Of the many images that capture the poignancy of my ministry in Waukon is this photo taken on the south lawn of Oakland Cemetery. That’s me and my friend Chrissy Good from Martin funeral home leading the procession that carried the body of longtime member Brad Krambeer to its place of earthly rest until the day of resurrection.
A retired letter carrier and avid sports fan, Brad also enjoyed playing euchre, caring for the yard, and detailing his cars. He liked having fun in the sun and spending time on the river and its sand bars. Above all, Brad cherished spending time with family. So perhaps that’s why his daughter Carly still uses this image as the cover photo of her Facebook page. Brad died in 2017, but the loss of a parent or other cherished loved one fuels the kind of grief that is not easily forgotten or quickly healed.
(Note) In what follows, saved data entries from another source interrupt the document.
lemma matrix_inv_Amat: "matrix_inv Amat = Amat_inv"
proof -
  have inv: "Amat ** Amat_inv = mat 1" "Amat_inv ** Amat = mat 1"
    by (simp_all add: mat2_eq_iff mat2_mult_entry Amat_def Amat_inv_def mat_def ofF_mult ofF_1)
  define B where "B = matrix_inv Amat"
  have "B ** Amat = mat 1"
    unfolding B_def matrix_inv_def using someI_ex[of "\<lambda>B. Amat ** B = mat 1 \<and> B ** Amat = mat 1"] inv
    by blast
  have "B = B ** (Amat ** Amat_inv)" using inv by simp
  also have "\<dots> = (B ** Amat) ** Amat_inv" by (simp add: matrix_mul_assoc)
  also have "\<dots> = Amat_inv" using \<open>B ** Amat = mat 1\<close> by simp
  finally show ?thesis unfolding B_def .
qed

text \<open>lambda(j) = [[0, b], [1, 0]], since j * 1 = j and j * j = b.\<close>

definition jmat :: "quat^2^2" where
  "jmat = (\<chi> s t. if s = 1 \<and> t = 2 then ofF vb else if s = 2 \<and> t = 1 then 1 else 0)"

text \<open>The matrix diag(1, -1) is #-symmetric and anticommutes with lambda(j).\<close>

definition sign_mat :: "quat^2^2" where
  "sign_mat = (\<chi> s t. if s = t then (if s = 1 then 1 else -1) else 0)"

lemma msharp_sign_mat: "msharp sign_mat = sign_mat"
  unfolding msharp_def matrix_inv_Amat
  by (simp add: mat2_eq_iff mat2_mult_entry Amat_def Amat_inv_def sign_mat_def mstar_def qstar_def
      one_quat_def zero_quat_def uminus_quat_def times_quat_def plus_quat_def ofF_def)

lemma sign_mat_in_M2K: "sign_mat \<in> M2K"
  unfolding M2K_def sign_mat_def Kset_def by (auto simp: one_quat_def zero_quat_def uminus_quat_def)

lemma jmat_in_M2K: "jmat \<in> M2K" "- jmat \<in> M2K"
  unfolding M2K_def jmat_def Kset_def by (auto simp: ofF_def one_quat_def zero_quat_def uminus_quat_def)

lemma sign_mat_congruence: "sign_mat ** X ** msharp sign_mat = - X" if "X = jmat \<or> X = - jmat"
  using that unfolding msharp_sign_mat by (auto simp: mat2_eq_iff mat2_mult_entry jmat_def sign_mat_def)

lemma jmat_nonzero: "jmat \<noteq> 0"
  by (simp add: mat2_eq_iff jmat_def one_quat_def zero_quat_def)

theorem no_M2K_cone_contains_jmat:
  assumes "uhc_M2K L" shows "jmat \<notin> L" "- jmat \<notin> L"
  using cone_excludes_anti_congruent[OF assms sign_mat_in_M2K] sign_mat_congruence jmat_nonzero
  by auto

text \<open>The coefficients of lambda(d) are uniquely determined, because 1, j is a basis of D
  as a right K-vector space.\<close>

lemma K_basis_unique:
  assumes "u \<in> Kset" "u' \<in> Kset" "w \<in> Kset" "w' \<in> Kset" "u + qj * w = u' + qj * w'"
  shows "u = u' \<and> w = w'"
proof -
  have "q0 (u + qj * w) = q0 (u' + qj * w')" "q1 (u + qj * w) = q1 (u' + qj * w')"
       "q2 (u + qj * w) = q2 (u' + qj * w')" "q3 (u + qj * w) = q3 (u' + qj * w')"
    using assms(5) by simp_all
  then show ?thesis using assms(1-4)
    by (cases u; cases u'; cases w; cases w') (simp add: Kset_def plus_quat_def times_quat_def qj_def)
qed

lemma sum_ebas: "(\<Sum>s\<in>UNIV. ebas s * X$s$t) = X$1$t + qj * X$2$t"
  by (simp add: sum_2 ebas_def)

lemma lreg_eqI:
  assumes X: "X \<in> M2K" and e: "\<forall>t. d * ebas t = (\<Sum>s\<in>UNIV. ebas s * X$s$t)"
  shows "lreg d = X"
  unfolding lreg_def
proof (rule the_equality)
  show "X \<in> M2K \<and> (\<forall>t. d * ebas t = (\<Sum>s\<in>UNIV. ebas s * X$s$t))" using X e by blast
  fix Y assume Y: "Y \<in> M2K \<and> (\<forall>t. d * ebas t = (\<Sum>s\<in>UNIV. ebas s * Y$s$t))"
  have "Y$1$t = X$1$t \<and> Y$2$t = X$2$t" for t
  proof (rule K_basis_unique)
    show "Y$1$t + qj * Y$2$t = X$1$t + qj * X$2$t" using Y e unfolding sum_ebas by metis
  qed (use X Y in \<open>auto simp: M2K_def\<close>)
  then show "Y = X" by (simp add: mat2_eq_iff)
qed

lemma qj_mult_qj: "qj * qj = ofF vb"
  by (simp add: qj_def ofF_def times_quat_def)

lemma ebas_1_2: "ebas 1 = 1" "ebas 2 = qj"
  by (simp_all add: ebas_def)

lemma lreg_qj: "lreg qj = jmat" "lreg (- qj) = - jmat"
proof -
  show "lreg qj = jmat"
    by (rule lreg_eqI[OF jmat_in_M2K(1)])
       (unfold forall_2 sum_ebas, simp add: jmat_def ebas_1_2 qj_mult_qj)
  show "lreg (- qj) = - jmat"
    by (rule lreg_eqI[OF jmat_in_M2K(2)])
       (unfold forall_2 sum_ebas, simp add: jmat_def ebas_1_2 qj_mult_qj)
qed

text \<open>The main theorem: herm_cone 1 and herm_cone (-1) are the required cones.  They differ
  because j lies in the first and -j in the second, while a cone cannot contain both.\<close>

theorem mainTheorem17:
  shows "\<exists>M1 M2. uhc_D M1 \<and> uhc_D M2 \<and> M1 \<noteq> M2 \<and> qj \<in> M1 \<and> - qj \<in> M2 \<and>
            M1 \<inter> Kset = M2 \<inter> Kset \<and>
            \<not> (\<exists>L. uhc_M2K L \<and> (lreg qj \<in> L \<or> - lreg qj \<in> L)) \<and>
            (\<forall>M \<in> {M1, M2}. \<not> (\<exists>L. uhc_M2K L \<and> M \<subseteq> lreg -` L))"
proof (intro exI conjI)
  show "uhc_D (herm_cone 1)" "uhc_D (herm_cone (-1))" by (rule herm_cone_unital_hermitian)+
  show j_pos: "qj \<in> herm_cone 1" and minus_j_pos: "- qj \<in> herm_cone (-1)"
    by (rule qj_in_herm_cone, rule minus_qj_in_herm_cone)
  show "herm_cone 1 \<inter> Kset = herm_cone (-1) \<inter> Kset" by (rule herm_cones_agree_on_K)
  show "herm_cone 1 \<noteq> herm_cone (-1)"
  proof
    assume "herm_cone 1 = herm_cone (-1)"
    then have "qj = 0" using herm_cone_pointed j_pos minus_j_pos by metis
    then show False by (simp add: qj_def zero_quat_def)
  qed
  show "\<not> (\<exists>L. uhc_M2K L \<and> (lreg qj \<in> L \<or> - lreg qj \<in> L))"
    using no_M2K_cone_contains_jmat lreg_qj by auto
  show "\<forall>M \<in> {herm_cone 1, herm_cone (-1)}. \<not> (\<exists>L. uhc_M2K L \<and> M \<subseteq> lreg -` L)"
  proof (intro ballI notI, elim exE conjE)
    fix M L assume "M \<in> {herm_cone 1, herm_cone (-1)}" "uhc_M2K L" "M \<subseteq> lreg -` L"
    then have "lreg qj \<in> L \<or> lreg (- qj) \<in> L" using j_pos minus_j_pos by auto
    then show False using no_M2K_cone_contains_jmat[OF \<open>uhc_M2K L\<close>] lreg_qj by auto
  qed
qed

end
One of the observations I often hear about funerals and their varied rituals is their ability to bring “closure.” Though said with good intention, describing the ability of a funeral to “bring closure” oftentimes feels cruel and hurtful to the bereaved. It seems to suggest that a funeral closes the book and that those left behind to mourn can simply move on – that wrestling with one’s grief follows a neat-and-tidy path of limited time and duration, and that one best-not linger too long in sorrow. Personal and pastoral experience tells me otherwise.
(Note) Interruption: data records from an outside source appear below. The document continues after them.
end

locale torsion_free_frobenius_module = frobenius_module p sc phi
  for p and sc :: "'r::comm_ring_1 \<Rightarrow> 'g::ab_group_add \<Rightarrow> 'g" and phi +
  assumes torsion_free: "x_torsion_free phi" and two_le_p: "2 \<le> p"
begin

lemma special_witness_pow_p_imp_mem:
  assumes "special_witness b N" "r ^ p \<in> b"
  shows "r \<in> b"
proof -
  have "annihilates_monomial (r ^ p) 1 N"
    using assms unfolding special_witness_def by blast
  then have "annihilates_monomial r 0 N"
    using torsion_free unfolding annihilates_monomial_def x_torsion_free_def
    by (simp add: phi_scale[symmetric])
  then show ?thesis using assms unfolding special_witness_def by blast
qed

lemma special_witness_pow_p_pow_imp_mem:
  assumes "special_witness b N"
  shows "r ^ p ^ i \<in> b \<Longrightarrow> r \<in> b"
proof (induction i arbitrary: r)
  case (Suc i)
  then have "(r ^ p) ^ p ^ i \<in> b" by (simp add: power_mult[symmetric] mult.commute)
  then show ?case using Suc.IH special_witness_pow_p_imp_mem assms by blast
qed simp

lemma special_witness_colon_mem:
  assumes "special_witness b N" "ring_ideal b" "q \<in> S"
    and t: "annihilates_monomial t i {g \<in> N. \<forall>i. \<forall>s\<in>ideal_colon b S. sc s ((phi ^^ i) g) = 0}"
      (is "annihilates_monomial t i ?N")
  shows "t * q \<in> b"
proof -
  have N: "subspace N" and b: "\<And>i t. annihilates_monomial t i N \<longleftrightarrow> t \<in> b"
    using assms(1) unfolding special_witness_def frob_submodule_def by auto
  have p_pow_pos: "0 < p ^ j" for j using two_le_p by simp
  have q_mem: "sc q g \<in> ?N" if "g \<in> N" for g
  proof -
    have "sc s ((phi ^^ j) (sc q g)) = 0" if "s \<in> ideal_colon b S" for j s
    proof -
      have "s * q \<in> b" using that \<open>q \<in> S\<close> unfolding ideal_colon_def by blast
      then have "s * q ^ p ^ j \<in> b"
        using ring_ideal_mult_power_mem assms(2) p_pow_pos by blast
      then have "annihilates_monomial (s * q ^ p ^ j) j N" using b by blast
      then show ?thesis
        using \<open>g \<in> N\<close> unfolding annihilates_monomial_def
        by (simp add: funpow_phi_scale scale_scale)
    qed
    then show ?thesis using \<open>g \<in> N\<close> subspace_scale[OF N] by blast
  qed
  have "annihilates_monomial (t * q ^ p ^ i) i N"
    unfolding annihilates_monomial_def
  proof
    fix g assume "g \<in> N"
    then have "sc t ((phi ^^ i) (sc q g)) = 0"
      using t q_mem unfolding annihilates_monomial_def by blast
    then show "sc (t * q ^ p ^ i) ((phi ^^ i) g) = 0" by (simp add: funpow_phi_scale scale_scale)
  qed
  then have "q ^ p ^ i * t \<in> b" using b by (simp add: mult.commute)
  then have "q ^ p ^ i * t ^ p ^ i \<in> b"
    using ring_ideal_mult_power_mem assms(2) p_pow_pos by blast
  then have "(t * q) ^ p ^ i \<in> b" by (simp add: power_mult_distrib mult.commute)
  then show "t * q \<in> b" using special_witness_pow_p_pow_imp_mem assms(1) by blast
qed

lemma special_witness_colon:
  assumes "special_witness b N" "ring_ideal b"
  shows "special_witness (ideal_colon b S) {g \<in> N. \<forall>i. \<forall>s\<in>ideal_colon b S. sc s ((phi ^^ i) g) = 0}"
    (is "special_witness ?C ?N")
proof -
  have "frob_submodule sc phi N" using assms(1) unfolding special_witness_def by blast
  moreover have "annihilates_monomial t i ?N \<longleftrightarrow> t \<in> ?C" for t i
  proof
    assume "annihilates_monomial t i ?N"
    then show "t \<in> ?C"
      using special_witness_colon_mem[OF assms] unfolding ideal_colon_def by blast
  qed (auto simp: annihilates_monomial_def)
  ultimately show ?thesis
    using frob_submodule_annihilated_part unfolding special_witness_def by blast
qed

lemma special_ideals_colon:
  assumes "b \<in> special_ideals sc phi"
  shows "ideal_colon b S \<in> special_ideals sc phi"
proof -
  obtain N where "ring_ideal b" "special_witness b N"
    using assms special_ideals_iff by blast
  then show ?thesis
    using special_witness_colon ring_ideal_colon special_ideals_iff by blast
qed

lemma special_ideals_square_mem:
  assumes "b \<in> special_ideals sc phi" "r * r \<in> b"
  shows "r \<in> b"
proof -
  obtain N where "ring_ideal b" "special_witness b N"
    using assms(1) special_ideals_iff by blast
  have "r ^ p = r ^ (p - 2) * (r * r)"
    using two_le_p by (metis le_add_diff_inverse2 power_add power2_eq_square)
  also have "\<dots> \<in> b"
    using \<open>ring_ideal b\<close> assms(2) unfolding ring_ideal_def by blast
  finally show ?thesis
    using \<open>special_witness b N\<close> special_witness_pow_p_imp_mem by blast
qed

lemma special_ideal_eq_Inter_special_primes:
  assumes "noetherian_ring TYPE('r)" "b \<in> special_ideals sc phi"
  shows "\<exists>Ps. set Ps \<subseteq> special_ideals sc phi \<inter> {P. prime_ideal P} \<and> b = \<Inter> (set Ps)"
proof -
  let ?SP = "special_ideals sc phi \<inter> {P. prime_ideal P}"
  have "ring_ideal b" using assms(2) special_ideals_iff by blast
  with assms(1) have "b \<in> special_ideals sc phi \<longrightarrow> (\<exists>Ps. set Ps \<subseteq> ?SP \<and> b = \<Inter> (set Ps))"
  proof (induction b rule: noetherian_ideal_induct)
    case (step M)
    have IH: "\<exists>Ps. set Ps \<subseteq> ?SP \<and> J = \<Inter> (set Ps)"
      if "J \<in> special_ideals sc phi" "M \<subset> J" for J
      using step that special_ideals_iff by blast
    show ?case
    proof
      assume M: "M \<in> special_ideals sc phi"
      consider "M = UNIV" | "prime_ideal M" | "M \<noteq> UNIV" "\<not> prime_ideal M" by blast
      then show "\<exists>Ps. set Ps \<subseteq> ?SP \<and> M = \<Inter> (set Ps)"
      proof cases
        case 1
        then show ?thesis by (intro exI[of _ "[]"]) simp
      next
        case 2
        then show ?thesis using M by (intro exI[of _ "[M]"]) simp
      next
        case 3
        have "r \<in> M" if "r * r \<in> M" for r
          using M that special_ideals_square_mem by blast
        then obtain x where split: "M \<subset> ideal_colon M {x}"
          "M \<subset> ideal_colon M (ideal_colon M {x})"
          "M = ideal_colon M {x} \<inter> ideal_colon M (ideal_colon M {x})"
          using non_prime_ideal_colon_split[OF \<open>ring_ideal M\<close> 3] by blast
        obtain Ps where "set Ps \<subseteq> ?SP" "ideal_colon M {x} = \<Inter> (set Ps)"
          using IH[OF special_ideals_colon[OF M] split(1)] by blast
        moreover obtain Qs where "set Qs \<subseteq> ?SP" "ideal_colon M (ideal_colon M {x}) = \<Inter> (set Qs)"
          using IH[OF special_ideals_colon[OF M] split(2)] by blast
        ultimately show ?thesis using split(3) by (intro exI[of _ "Ps @ Qs"]) auto
      qed
    qed
  qed
  then show ?thesis using assms(2) by blast
qed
At best grief is not something that you “get over.” It is a heavy blanket of raw, prickly emotions with which you learn to live: denial, anger, bargaining, depression, and acceptance.
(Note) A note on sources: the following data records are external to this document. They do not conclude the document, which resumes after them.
(* For every fixed $k\in\mathbb{N}$, the values $\tau_{n,k}$ decrease strictly in $n$: $$\tau_{n+1,k}<\tau_{n,k}<\cdots<\tau_{k+3,k}<\tau_{k+2,k}\qquad (n\ge k+2).$$ In particular, for every fixed $k\in\mathbb{N}$ and every $m\ge 2$, $\tau_{n,k}\le\tau_{k+m,k}$ for all $n\ge k+m$.
   Context: $T_n$ denotes the Chebyshev polynomial of the first kind of degree $n$, $T_n(\cos\theta)=\cos n\theta$. For integers $n\ge k+2$, $k\ge 1$, let $\omega_{n,k}$ be the rightmost (largest) zero of $T_n^{(k+1)}$ and define $\tau_{n,k}:=|T_n^{(k)}(\omega_{n,k})|/T_n^{(k)}(1)$. *)

theory Defs
  imports "HOL-Computational_Algebra.Polynomial"
begin

fun cheb_T :: "nat \<Rightarrow> real poly" where
  "cheb_T 0 = 1"
| "cheb_T (Suc 0) = [:0, 1:]"
| "cheb_T (Suc (Suc n)) = smult 2 ([:0, 1:] * cheb_T (Suc n)) - cheb_T n"

definition cheb_deriv :: "nat \<Rightarrow> nat \<Rightarrow> real poly" where
  "cheb_deriv n k = (pderiv ^^ k) (cheb_T n)"

definition omega :: "nat \<Rightarrow> nat \<Rightarrow> real" where
  "omega n k = Max {x. poly (cheb_deriv n (Suc k)) x = 0}"

definition tau :: "nat \<Rightarrow> nat \<Rightarrow> real" where
  "tau n k = \<bar>poly (cheb_deriv n k) (omega n k)\<bar> / poly (cheb_deriv n k) 1"

end

theory Submission
  imports Defs
begin

text \<open>Fix \<open>k\<close>, let \<open>P = T_n^(k)\<close>, \<open>\<omega> = \<omega>_{n,k}\<close> and \<open>t = -P(\<omega>) > 0\<close>, so that
  \<open>\<tau>_{n,k} = t / P(1)\<close>, and let \<open>g \<in> (\<omega>, 1)\<close> be a point where \<open>P(g) = g P(\<omega>)\<close>.
  By the Chebyshev ODE, \<open>N P\<^sup>2 + (1 - x\<^sup>2) P'\<^sup>2 - 4 k g P'(g) P\<close> with \<open>N = n\<^sup>2 - k\<^sup>2\<close>
  decreases on \<open>[\<omega>, g]\<close>; comparing its values at the endpoints yields \<open>P'(g) < (n + k) t\<close>.
  Hence \<open>x P' + (n + k) P\<close>, a positive multiple of \<open>T_{n+1}^(k+1)\<close>, changes sign on
  \<open>(g, 1)\<close>, so \<open>\<beta> = \<omega>_{n+1,k} > g\<close>. At \<open>\<beta>\<close> the recurrences relating \<open>T_{n+1}\<close> to
  \<open>T_n\<close> give \<open>\<tau>_{n+1,k} = -P(\<beta>) / (\<beta> P(1))\<close>, and \<open>-P(\<beta>) < -P(g) = g t < \<beta> t\<close>
  because \<open>P\<close> increases right of \<open>\<omega>\<close>. The argument needs \<open>\<omega>_{n,k} \<ge> 0\<close>, which it
  reproduces for \<open>n + 1\<close>; it holds for \<open>n = k + 2\<close> as \<open>T_{k+2}^(k+1)\<close> is odd.\<close>

abbreviation X :: "real poly" where "X \<equiv> [:0, 1:]"

text \<open>\<open>cheb_U n\<close> is the Chebyshev polynomial of the second kind \<open>U_{n-1}\<close>
  (and \<open>cheb_U 0 = 0\<close>), shifted so that \<open>T_n' = n cheb_U n\<close>.\<close>
fun cheb_U :: "nat \<Rightarrow> real poly" where
  "cheb_U 0 = 0"
| "cheb_U (Suc 0) = 1"
| "cheb_U (Suc (Suc n)) = smult 2 (X * cheb_U (Suc n)) - cheb_U n"

lemma cheb_T_cheb_U:
  "cheb_T (Suc n) = X * cheb_U (Suc n) - cheb_U n"
  "cheb_T n = cheb_U (Suc n) - X * cheb_U n"
proof -
  have "cheb_T (Suc n) = X * cheb_U (Suc n) - cheb_U n \<and> cheb_T n = cheb_U (Suc n) - X * cheb_U n"
    by (induction n rule: cheb_T.induct)
      (simp_all only: cheb_T.simps cheb_U.simps, auto intro!: poly_ext simp: algebra_simps)
  then show "cheb_T (Suc n) = X * cheb_U (Suc n) - cheb_U n" "cheb_T n = cheb_U (Suc n) - X * cheb_U n"
    by blast+
qed

lemma pderiv_cheb_T: "pderiv (cheb_T n) = smult (real n) (cheb_U n)"
proof (induction n rule: cheb_T.induct)
  case (3 n)
  then show ?case
    using cheb_T_cheb_U(1)[of n]
    by (simp only: cheb_T.simps cheb_U.simps pderiv_diff pderiv_smult pderiv_mult)
      (auto intro!: poly_ext simp: pderiv_pCons algebra_simps)
qed (simp_all add: pderiv_pCons)

lemma cheb_deriv_0 [simp]: "cheb_deriv n 0 = cheb_T n"
  by (simp add: cheb_deriv_def)

lemma cheb_deriv_Suc: "cheb_deriv n (Suc j) = pderiv (cheb_deriv n j)"
  by (simp add: cheb_deriv_def)

lemma poly_pderiv_X_mult: "poly (pderiv (X * p)) x = poly p x + x * poly (pderiv p) (x :: real)"
  by (simp add: pderiv_mult pderiv_pCons algebra_simps)

lemma poly_pderiv_one_minus_sq_mult:
  "poly (pderiv ([:1, 0, -1:] * p)) x = (1 - x * x) * poly (pderiv p) x - 2 * x * (poly p x :: real)"
  by (simp add: pderiv_add pderiv_smult pderiv_pCons pderiv_minus algebra_simps)

lemma cheb_deriv_shift_deriv:
  "smult (real n) (cheb_deriv (Suc n) (Suc j)) =
   smult (real n + 1) (X * cheb_deriv n (Suc j) + smult (real n + real j) (cheb_deriv n j))"
proof (induction j)
  case 0
  show ?case
    unfolding cheb_deriv_Suc cheb_deriv_0 pderiv_cheb_T unfolding cheb_T_cheb_U(2)[of n]
    by (intro poly_ext) (simp add: algebra_simps)
next
  case (Suc j)
  have "poly (pderiv (smult (real n) (cheb_deriv (Suc n) (Suc j)))) x =
    poly (pderiv (smult (real n + 1) (X * cheb_deriv n (Suc j) + smult (real n + real j) (cheb_deriv n j)))) x"
    for x using Suc.IH by simp
  then show ?case
    by (intro poly_ext) (simp add: cheb_deriv_Suc[symmetric] pderiv_mult pderiv_smult pderiv_add
        pderiv_pCons algebra_simps)
qed

lemma cheb_deriv_shift:
  "smult (real n * (real n + 1 - real j)) (cheb_deriv (Suc n) j) =
   smult (real n) (X * cheb_deriv (Suc n) (Suc j)) - smult (real n + 1) (cheb_deriv n (Suc j))"
proof (induction j)
  case 0
  show ?case
    unfolding cheb_deriv_Suc cheb_deriv_0 pderiv_cheb_T unfolding cheb_T_cheb_U(1)[of n]
    by (intro poly_ext) (simp add: algebra_simps)
next
  case (Suc j)
  have "poly (pderiv (smult (real n * (real n + 1 - real j)) (cheb_deriv (Suc n) j))) x =
    poly (pderiv (smult (real n) (X * cheb_deriv (Suc n) (Suc j)) - smult (real n + 1) (cheb_deriv n (Suc j)))) x"
    for x using Suc.IH by simp
  then show ?case
    by (intro poly_ext) (simp add: cheb_deriv_Suc[symmetric] pderiv_mult pderiv_smult pderiv_diff
        pderiv_pCons algebra_simps)
qed

lemma one_minus_sq_mult_pderiv_cheb_T:
  "[:1, 0, -1:] * pderiv (cheb_T n) = smult (real n) (X * cheb_T n - cheb_T (Suc n))"
  unfolding pderiv_cheb_T unfolding cheb_T_cheb_U
  by (intro poly_ext) (simp add: algebra_simps)

lemma cheb_T_ode:
  "[:1, 0, -1:] * pderiv (pderiv (cheb_T n)) = X * pderiv (cheb_T n) - smult ((real n)\<^sup>2) (cheb_T n)"
proof (intro poly_ext)
  fix x :: real
  define T T' T'' where "T = poly (cheb_T n) x" and "T' = poly (pderiv (cheb_T n)) x"
    and "T'' = poly (pderiv (pderiv (cheb_T n))) x"
  have "(1 - x * x) * T'' - 2 * x * T' = real n * (T + x * T' - poly (pderiv (cheb_T (Suc n))) x)"
    using arg_cong[OF one_minus_sq_mult_pderiv_cheb_T[of n], of "\<lambda>p. poly (pderiv p) x"]
    unfolding T_def T'_def T''_def
    by (simp only: poly_pderiv_one_minus_sq_mult pderiv_smult pderiv_diff poly_smult poly_diff poly_pderiv_X_mult)
  moreover have "real n * poly (pderiv (cheb_T (Suc n))) x = (real n + 1) * (x * T' + real n * T)"
    using arg_cong[OF cheb_deriv_shift_deriv[of n 0], of "\<lambda>p. poly p x"]
    unfolding T_def T'_def by (simp add: cheb_deriv_Suc algebra_simps)
  ultimately have "real n * ((1 - x * x) * T'' - x * T' + (real n)\<^sup>2 * T) = 0"
    by (simp add: algebra_simps power2_eq_square)
  then have "n = 0 \<or> (1 - x * x) * T'' - x * T' + (real n)\<^sup>2 * T = 0"
    by simp
  moreover have "n = 0 \<Longrightarrow> T' = 0 \<and> T'' = 0"
    unfolding T'_def T''_def by simp
  ultimately have "(1 - x * x) * T'' = x * T' - (real n)\<^sup>2 * T"
    by auto
  then show "poly ([:1, 0, -1:] * pderiv (pderiv (cheb_T n))) x =
      poly (X * pderiv (cheb_T n) - smult ((real n)\<^sup>2) (cheb_T n)) x"
    unfolding T_def T'_def T''_def by (simp add: algebra_simps)
qed

lemma cheb_deriv_ode:
  "[:1, 0, -1:] * cheb_deriv n (Suc (Suc j)) =
    smult (2 * real j + 1) (X * cheb_deriv n (Suc j)) - smult ((real n)\<^sup>2 - (real j)\<^sup>2) (cheb_deriv n j)"
proof (induction j)
  case 0
  then show ?case using cheb_T_ode by (simp add: cheb_deriv_Suc)
next
  case (Suc j)
  have "poly (pderiv ([:1, 0, -1:] * cheb_deriv n (Suc (Suc j)))) x =
      poly (pderiv (smult (2 * real j + 1) (X * cheb_deriv n (Suc j))
        - smult ((real n)\<^sup>2 - (real j)\<^sup>2) (cheb_deriv n j))) x" for x
    using Suc.IH by simp
  then have "(1 - x * x) * poly (cheb_deriv n (Suc (Suc (Suc j)))) x
        - 2 * x * poly (cheb_deriv n (Suc (Suc j))) x =
      (2 * real j + 1) * (poly (cheb_deriv n (Suc j)) x + x * poly (cheb_deriv n (Suc (Suc j))) x)
        - ((real n)\<^sup>2 - (real j)\<^sup>2) * poly (cheb_deriv n (Suc j)) x" for x
    by (simp only: poly_pderiv_one_minus_sq_mult pderiv_smult pderiv_diff poly_smult poly_diff
        poly_pderiv_X_mult cheb_deriv_Suc[symmetric])
  then show ?case
    by (intro poly_ext) (simp add: algebra_simps power2_eq_square)
qed

lemma poly_cheb_deriv_ode:
  "(1 - x * x) * poly (cheb_deriv n (Suc (Suc j))) x =
    (2 * real j + 1) * x * poly (cheb_deriv n (Suc j)) x
      - ((real n)\<^sup>2 - (real j)\<^sup>2) * poly (cheb_deriv n j) x"
  using arg_cong[OF cheb_deriv_ode[of n j], of "\<lambda>p. poly p x"] by (simp add: algebra_simps)

lemma poly_cheb_T_1 [simp]: "poly (cheb_T n) 1 = 1"
  by (induction n rule: cheb_T.induct) simp_all

lemma degree_cheb_T: "degree (cheb_T n) \<le> n"
proof (induction n rule: cheb_T.induct)
  case (3 n)
  have "degree (smult 2 (X * cheb_T (Suc n))) \<le> Suc (Suc n)"
    using degree_mult_le[of X "cheb_T (Suc n)"] degree_smult_le[of 2 "X * cheb_T (Suc n)"] 3(1)
    by simp
  with 3(2) show ?case
    using degree_diff_le[of "smult 2 (X * cheb_T (Suc n))" "Suc (Suc n)" "cheb_T n"] by simp
qed auto

lemma degree_cheb_deriv: "degree (cheb_deriv n j) \<le> n - j"
  by (induction j) (use degree_cheb_T in \<open>auto simp: cheb_deriv_Suc degree_pderiv\<close>)

lemma cheb_deriv_eq_0: "n < j \<Longrightarrow> cheb_deriv n j = 0"
proof -
  assume "n < j"
  then obtain i where "j = Suc (n + i)"
    using less_imp_Suc_add by blast
  moreover have "cheb_deriv n (Suc (n + i)) = 0" for i
    using degree_cheb_deriv[of n "n + i"] by (simp add: cheb_deriv_Suc pderiv_eq_0_iff)
  ultimately show ?thesis by simp
qed

lemma poly_cheb_deriv_self: "poly (cheb_deriv n n) x = poly (cheb_deriv n n) 1"
proof -
  have "degree (cheb_deriv n n) = 0"
    using degree_cheb_deriv[of n n] by simp
  then obtain a where "cheb_deriv n n = [:a:]"
    using degree0_coeffs by blast
  then show ?thesis by simp
qed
Denial – the understandable struggle to accept one’s loss, an instinctive defense mechanism that temporarily buffers pain.
Anger – a natural response to the pain and injustice of loss. It’s an emotion that even the most faithful of Christ’s disciples can and do experience.
And of course, bargaining – the making of deals or promises in an attempt to regain control, mitigate loss, or avoid suffering.
Then depression sets in as the full weight of the loss becomes fully apparent. It’s a period of deep sorrow and reflection.
And finally, maybe, acceptance, where you come to terms with your loss and find new ways of living. It doesn’t mean forgetting or minimizing the pain but rather discovering a sense of peace – harnessing the Holy Spirit’s strength and courage to move forward.

However accurately this model understands grief and loss, it needs some perspective. First, remember that grief isn’t linear. Mourning is not a tidy progression of sequential phases through which we cleanly move. Grief more typically is a messy mix of multiple emotions, some conflicting, through which we cycle – oftentimes, over and over in a seemingly endless loop.
Second, remember that everyone grieves differently. And what feels healthy and healing for one isn’t always transferrable to another. To presume that everyone experiences the five stages of grief is one-dimensional and inaccurate. Some never experience anger, for example. “Relief” that a loved one’s physical suffering has mercifully ended sometimes comes instead.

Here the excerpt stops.